4
votes

I am trying to run my Beam code on Spark for a POC. I am running the application on Google Cloud Dataproc for testing. It is a very simple test to read from a PubSub topic and write the message to a bucket on Google Cloud Storage. Dataproc cluster has the right version for Spark and is enabled to access other GCP API's.

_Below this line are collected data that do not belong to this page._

lemma sum_words_parks_within_eq_0:
  assumes "finite Occ" "S \<subseteq> {1..}" "card ({1..n} - Occ) < k"
  shows "(\<Sum>ys\<in>words S k. pf_weight n c u Occ ys) = 0"
proof (intro sum.neutral ballI)
  fix ys
  assume "ys \<in> words S k"
  then have "\<not> parks_within n Occ ys"
    using length_le_card_if_parks_within[OF assms(1)] assms(2,3) by (force simp: words_def)
  then show "pf_weight n c u Occ ys = 0"
    by (simp add: pf_weight_def)
qed

lemma sum_avoiding_space_eq_sum_shuffles:
  assumes r: "1 \<le> r" "r \<le> n"
  shows "(\<Sum>xs\<in>words {1..n} (n - 1).
            if parks_within n {} xs \<and> r \<notin> set (park_spaces {} xs) then park_weight n c u {} xs else 0) =
         (\<Sum>xs\<in>words ({1..<r} \<union> {r<..n}) (n - 1).
            pf_weight (r - 1) 1 u {} (filter (\<lambda>x. x \<in> {1..<r}) xs) *
            pf_weight n c u {..r} (filter (\<lambda>x. x \<in> {r<..n}) xs))"
proof -
  let ?F = "\<lambda>xs. if parks_within n {} xs \<and> r \<notin> set (park_spaces {} xs) then park_weight n c u {} xs else 0"
  have split: "{1..<r} \<union> {r<..n} = {1..n} - {r}"
    using r by auto
  have "(\<Sum>xs\<in>words {1..n} (n - 1). ?F xs) = (\<Sum>xs\<in>words ({1..<r} \<union> {r<..n}) (n - 1). ?F xs)"
  proof (rule sum.mono_neutral_right)
    show "\<forall>xs\<in>words {1..n} (n - 1) - words ({1..<r} \<union> {r<..n}) (n - 1). ?F xs = 0"
      using notin_park_spaces_imp_notin[of "{}" r] by (force simp: split words_def)
  qed (simp add: finite_words, use r in \<open>auto simp: words_def\<close>)
  also have "\<dots> = (\<Sum>xs\<in>words ({1..<r} \<union> {r<..n}) (n - 1).
      pf_weight (r - 1) 1 u {} (filter (\<lambda>x. x \<in> {1..<r}) xs) *
      pf_weight n c u {..r} (filter (\<lambda>x. x \<in> {r<..n}) xs))"
  proof (rule sum.cong[OF refl])
    fix xs
    assume "xs \<in> words ({1..<r} \<union> {r<..n}) (n - 1)"
    then have xs: "set xs \<subseteq> {1..<r} \<union> {r<..n}"
      by (auto simp: words_def)
    then have "filter (\<lambda>x. x \<in> {1..<r}) xs = filter (\<lambda>x. x < r) xs"
      and "filter (\<lambda>x. x \<in> {r<..n}) xs = filter (\<lambda>x. r < x) xs"
      by (auto intro!: filter_cong)
    then show "?F xs = pf_weight (r - 1) 1 u {} (filter (\<lambda>x. x \<in> {1..<r}) xs) *
        pf_weight n c u {..r} (filter (\<lambda>x. x \<in> {r<..n}) xs)"
      using parks_within_split[OF r, of "{}" "{}" xs] park_weight_split[of "{}" "{}" r n xs c u] xs r
      by (auto simp: pf_weight_def)
  qed
  finally show ?thesis .
qed

text \<open>By the length bounds only the term in which exactly \<open>r - 1\<close> cars prefer spaces below \<open>r\<close>
  survives.\<close>
lemma sum_choose_pf_weight_eq:
  assumes r: "1 \<le> r" "r \<le> n"
  shows "(\<Sum>k\<le>n - 1. of_nat ((n - 1) choose k) * (\<Sum>ys\<in>words {1..<r} k. pf_weight (r - 1) 1 u {} ys) *
            (\<Sum>zs\<in>words {r<..n} (n - 1 - k). pf_weight n c u {..r} zs)) =
         of_nat ((n - 1) choose (r - 1)) * park_gf (r - 1) 1 u * park_gf (n - r) c u"
proof -
  let ?L = "\<lambda>k. \<Sum>ys\<in>words {1..<r} k. pf_weight (r - 1) 1 u {} ys"
  let ?H = "\<lambda>k. \<Sum>zs\<in>words {r<..n} k. pf_weight n c u {..r} zs"
  have "?L k = 0" if "r - 1 < k" for k
    using that by (intro sum_words_parks_within_eq_0) auto
  moreover have "?H (n - 1 - k) = 0" if "k < r - 1" for k
  proof -
    have "{1..n} - {..r} = {r<..n}"
      using r by auto
    then have "card ({1..n} - {..r}) < n - 1 - k"
      using that r by simp
    then show ?thesis
      by (intro sum_words_parks_within_eq_0) auto
  qed
  ultimately have "of_nat ((n - 1) choose k) * ?L k * ?H (n - 1 - k) = 0" if "k \<noteq> r - 1" for k
    using that by (cases "k < r - 1") auto
  then have "(\<Sum>k\<le>n - 1. of_nat ((n - 1) choose k) * ?L k * ?H (n - 1 - k)) =
      of_nat ((n - 1) choose (r - 1)) * ?L (r - 1) * ?H (n - r)"
    using r by (subst sum.mono_neutral_right[where S = "{r - 1}"]) auto
  moreover have "?L (r - 1) = park_gf (r - 1) 1 u"
  proof -
    have "{1..<r} = {1..r - 1}"
      using r by auto
    then show ?thesis
      by (simp only: park_gf_def)
  qed
  moreover have "?H (n - r) = park_gf (n - r) c u"
    using r(2) by (rule park_gf_shift)
  ultimately show ?thesis
    by simp
qed

lemma sum_avoiding_space_eq_product:
  assumes r: "1 \<le> r" "r \<le> n"
  shows "(\<Sum>xs\<in>words {1..n} (n - 1).
            if parks_within n {} xs \<and> r \<notin> set (park_spaces {} xs) then park_weight n c u {} xs else 0) =
         of_nat ((n - 1) choose (r - 1)) * park_gf (r - 1) 1 u * park_gf (n - r) c u"
  unfolding sum_avoiding_space_eq_sum_shuffles[OF r] sum_choose_pf_weight_eq[OF r, symmetric]
  by (rule sum_words_shuffle) auto

section \<open>The recursion and its solution\<close>

lemma park_spaces_eq_all_but_one:
  assumes "xs \<in> words {1..n} (n - 1)" "parks_within n {} xs" "1 \<le> n"
  obtains r where "r \<in> {1..n}" "set (park_spaces {} xs) = {1..n} - {r}"
proof -
  let ?Q = "set (park_spaces {} xs)"
  have "set xs \<subseteq> {1..}"
    using assms(1) by (auto simp: words_def)
  then have "?Q \<subseteq> {1..}"
    by (intro park_spaces_ge) simp_all
  with assms(2) have "?Q \<subseteq> {1..n}"
    by (auto simp: parks_within_def)
  moreover have "card ?Q = n - 1"
    using distinct_park_spaces[of "{}" xs] assms(1) by (simp add: distinct_card words_def)
  moreover have "card ?Q \<noteq> card {1..n}"
    using \<open>card ?Q = n - 1\<close> assms(3) by simp
  ultimately obtain r where r: "r \<in> {1..n} - ?Q"
    by (metis Diff_eq_empty_iff all_not_in_conv subset_antisym)
  have "?Q = {1..n} - {r}"
    using r \<open>?Q \<subseteq> {1..n}\<close> \<open>card ?Q = n - 1\<close> by (intro card_subset_eq) auto
  with r that show ?thesis
    by blast
qed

I tried with FileIO aswell but that did not work either. I tried publishing to another PubSub topic instead of writing and that worked but that is not my use case. I tried printing before writing with TextIO and that confirmed that I can read messages from PubSub.

Here is the pipeline:

PCollection<String> messages = pipeline
    .apply(PubsubIO.readStrings().fromSubscription(sub))
    .apply(Window.into(FixedWindows.of(Duration.standardSeconds(1))));
 messages.apply(TextIO.write().to("gs://...").withNumShards(1).withWindowedWrites());

pipeline.run();

I don't see any logs on Dataproc job output. No errors or anything at all. There is no file on bucket either.

1
I just tried and TextIO does not work with FlinkRunner either. - hbk

1 Answers

2
votes

I found that this is a problem of triggering. Here is the detailed discussion:
https://lists.apache.org/thread.html/a831da3cd74159bf0e0f3fe77363b022cde943ba40c6ab68bb33d5bb@%3Cuser.beam.apache.org%3E

I fixed this by changing my windowing transform into an early firing trigger:

.apply(Window.<String>into(FixedWindows.of(Duration.standardSeconds(10)))
           .triggering(AfterWatermark.pastEndOfWindow()
                .withEarlyFirings(AfterProcessingTime.pastFirstElementInPane()
                                     .alignedTo(Duration.standardSeconds(10))))
                .withAllowedLateness(Duration.standardSeconds(10))
                .discardingFiredPanes())